In this example, we implement the FedBN algorithm from the paper [FedBN: Federated Learning on Non-IID Features via Local Batch Normalization](https://arxiv.org/abs/2102.07623). This method is fairly straightforward and represents only a slight modification of the standard FedAvg approach for model networks that incorporate batch normalization layers. In this method, the server and clients exchange all parameters except for those associated with BatchNormalization. This implies that all model parameters are globally aggregated __except__ those underlying each clients BatchNormalization layers. The authors posit that this allows each client's model to adapt to local conditions while still learning from global datasets via aggregation of all other layers.

__NOTE__: This method doesn't do anything for models that do not significantly incorporate BN layers. Moreover, the authors show that this method performs better than FedAvg. However, it is unclear if the authors accumulate state in these layers which are aggregated by FedAvg. This could also be a source of FedAvg's underperformance, as weighted averaging of variance estimates isn't quite the right thing to do.

In any case, the method is very simple to implement in our framework. One simply needs to use a parameter exchanger with layer exclusions and specify that you'd like to exclude exchange of BatchNormalization layers. In this demo, FedBN is applied to a modified version of the MNIST dataset that is non--IID. The FL server expects three clients to be spun up (i.e. it will wait until three clients report in before starting training).

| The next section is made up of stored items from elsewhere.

(* The natural surjection $BT(3,3)\to B(3,3)$ is an isomorphism.
   Context: $BT(3,3)$ is the quotient of the free group $\mathbb{F}_3$ by the normal subgroup generated by the cubes of all primitive elements (elements of some free basis) of $\mathbb{F}_3$; $B(3,3)$ is the free Burnside group of exponent $3$ on $3$ generators. *)

theory Defs
  imports "HOL-Algebra.Algebra"
begin

text \<open>Words over letters (generator, sign); sign True = generator, False = its inverse.
A word is (freely) reduced if no letter is immediately followed by its inverse.\<close>
definition reduced_word :: "('a \<times> bool) list \<Rightarrow> bool" where
  "reduced_word xs = (\<forall>i. Suc i < length xs \<longrightarrow>
      \<not> (fst (xs ! i) = fst (xs ! Suc i) \<and> snd (xs ! i) \<noteq> snd (xs ! Suc i)))"

fun push_letter :: "'a \<times> bool \<Rightarrow> ('a \<times> bool) list \<Rightarrow> ('a \<times> bool) list" where
  "push_letter x [] = [x]"
| "push_letter x (y # ys) =
     (if fst x = fst y \<and> snd x \<noteq> snd y then ys else x # y # ys)"

definition reduce_word :: "('a \<times> bool) list \<Rightarrow> ('a \<times> bool) list" where
  "reduce_word xs = foldr push_letter xs []"

definition F3 :: "(nat \<times> bool) list monoid" where
  "F3 = \<lparr> carrier = {xs. reduced_word xs \<and> set xs \<subseteq> {0..<3} \<times> UNIV},
          monoid.mult = (\<lambda>xs ys. reduce_word (xs @ ys)),
          one = [] \<rparr>"

definition word_eval :: "('a, 'b) monoid_scheme \<Rightarrow> ('a \<times> bool) list \<Rightarrow> 'a" where
  "word_eval G ws = foldr (\<lambda>(b, s) acc. (if s then b else inv\<^bsub>G\<^esub> b) \<otimes>\<^bsub>G\<^esub> acc) ws \<one>\<^bsub>G\<^esub>"

definition free_basis :: "('a, 'b) monoid_scheme \<Rightarrow> 'a set \<Rightarrow> bool" where
  "free_basis G B \<longleftrightarrow> B \<subseteq> carrier G \<and> generate G B = carrier G \<and>
     (\<forall>ws. ws \<noteq> [] \<and> set ws \<subseteq> B \<times> UNIV \<and> reduced_word ws \<longrightarrow> word_eval G ws \<noteq> \<one>\<^bsub>G\<^esub>)"

definition primitive :: "('a, 'b) monoid_scheme \<Rightarrow> 'a \<Rightarrow> bool" where
  "primitive G x \<longleftrightarrow> (\<exists>B. free_basis G B \<and> x \<in> B)"

definition normal_closure :: "('a, 'b) monoid_scheme \<Rightarrow> 'a set \<Rightarrow> 'a set" where
  "normal_closure G S = \<Inter> {N. N \<lhd> G \<and> S \<subseteq> N}"

text \<open>Kernel of F_3 \<rightarrow> BT(3,3) and of F_3 \<rightarrow> B(3,3).\<close>
definition N_BT :: "(nat \<times> bool) list set" where
  "N_BT = normal_closure F3 {x [^]\<^bsub>F3\<^esub> (3::nat) | x. primitive F3 x}"

definition N_B :: "(nat \<times> bool) list set" where
  "N_B = normal_closure F3 {x [^]\<^bsub>F3\<^esub> (3::nat) | x. x \<in> carrier F3}"

end

theory Submission
  imports Defs
begin

(*
  Both kernels are normal closures of sets of cubes, and the map is the identity of F3/N_BT as soon as
  N_B = N_BT; the content is that every cube lies in N_BT, i.e. that Q = F3/N_BT has exponent 3.

  Let x_0, x_1, x_2 be the images in Q of the generators. If the word v avoids the generator i, then
  x_i v is primitive in F3 (it is the image of x_i under a transvection), so (x_i v)^3 = 1 in Q.
  Adding the generators one at a time, it therefore suffices to show: if a subgroup K has exponent 3
  and (x k)^3 = 1 for all k in K, then <x, K> has exponent 3. By Levi's lemma the conjugates x^h
  (h in K) commute pairwise, so they generate an abelian subgroup A normalised by K with <x, K> = A K,
  and (a k)^3 = a a^(k^-1) a^(k^-2) k^3 is multiplicative in a on A and trivial on the generators x^h.
*)

section \<open>Levi's lemma and groups of exponent 3\<close>

lemma (in monoid) nat_pow_three: "x \<in> carrier G \<Longrightarrow> x [^] (3::nat) = x \<otimes> x \<otimes> x"
  by (simp add: numeral_3_eq_3)

definition conjugate :: "('a, 'b) monoid_scheme \<Rightarrow> 'a \<Rightarrow> 'a \<Rightarrow> 'a" where
  "conjugate G h z = inv\<^bsub>G\<^esub> h \<otimes>\<^bsub>G\<^esub> z \<otimes>\<^bsub>G\<^esub> h"

context group
begin

lemma mult_inv_cancel_left [simp]: "x \<in> carrier G \<Longrightarrow> y \<in> carrier G \<Longrightarrow> x \<otimes> (inv x \<otimes> y) = y"
  and inv_mult_cancel_left [simp]: "x \<in> carrier G \<Longrightarrow> y \<in> carrier G \<Longrightarrow> inv x \<otimes> (x \<otimes> y) = y"
  by (simp_all flip: m_assoc)

lemma conjugate_closed [intro, simp]:
  "h \<in> carrier G \<Longrightarrow> z \<in> carrier G \<Longrightarrow> conjugate G h z \<in> carrier G"
  by (simp add: conjugate_def)

lemma conjugate_hom: "h \<in> carrier G \<Longrightarrow> group_hom G G (conjugate G h)"
  unfolding group_hom_def group_hom_axioms_def
  by (auto intro!: homI simp: conjugate_def m_assoc is_group)

lemma conjugate_conjugate:
  "h \<in> carrier G \<Longrightarrow> k \<in> carrier G \<Longrightarrow> z \<in> carrier G \<Longrightarrow>
    conjugate G h (conjugate G k z) = conjugate G (k \<otimes> h) z"
  by (simp add: conjugate_def m_assoc inv_mult_group)

lemma conjugate_one: "z \<in> carrier G \<Longrightarrow> conjugate G \<one> z = z"
  by (simp add: conjugate_def)

lemma cube_one_imp_aba_eq:
  assumes "a \<in> carrier G" "b \<in> carrier G" "(a \<otimes> b) \<otimes> (a \<otimes> b) \<otimes> (a \<otimes> b) = \<one>"
  shows "a \<otimes> b \<otimes> a = inv b \<otimes> inv a \<otimes> inv b"
proof -
  have "(a \<otimes> b \<otimes> a) \<otimes> (b \<otimes> a \<otimes> b) = \<one>" using assms by (simp add: m_assoc)
  then have "a \<otimes> b \<otimes> a = inv (b \<otimes> a \<otimes> b)" using assms by (simp add: inv_equality[symmetric])
  with assms show ?thesis by (simp add: inv_mult_group m_assoc)
qed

Each client has it's own modified version of the MNIST dataset. This modification essentially subsamples a certain number from the original training and validation sets of MNIST in order to synthetically induce local variations in the statistical properties of the clients training/validation data. In theory, the models should be able to perform well on their local data while learning from other clients data that has different statistical properties. The proportion of labels at each client is determined by dirichlet distribtuion across the classes. The lower the beta parameter is for each class, the higher the degree of the label heterogeneity.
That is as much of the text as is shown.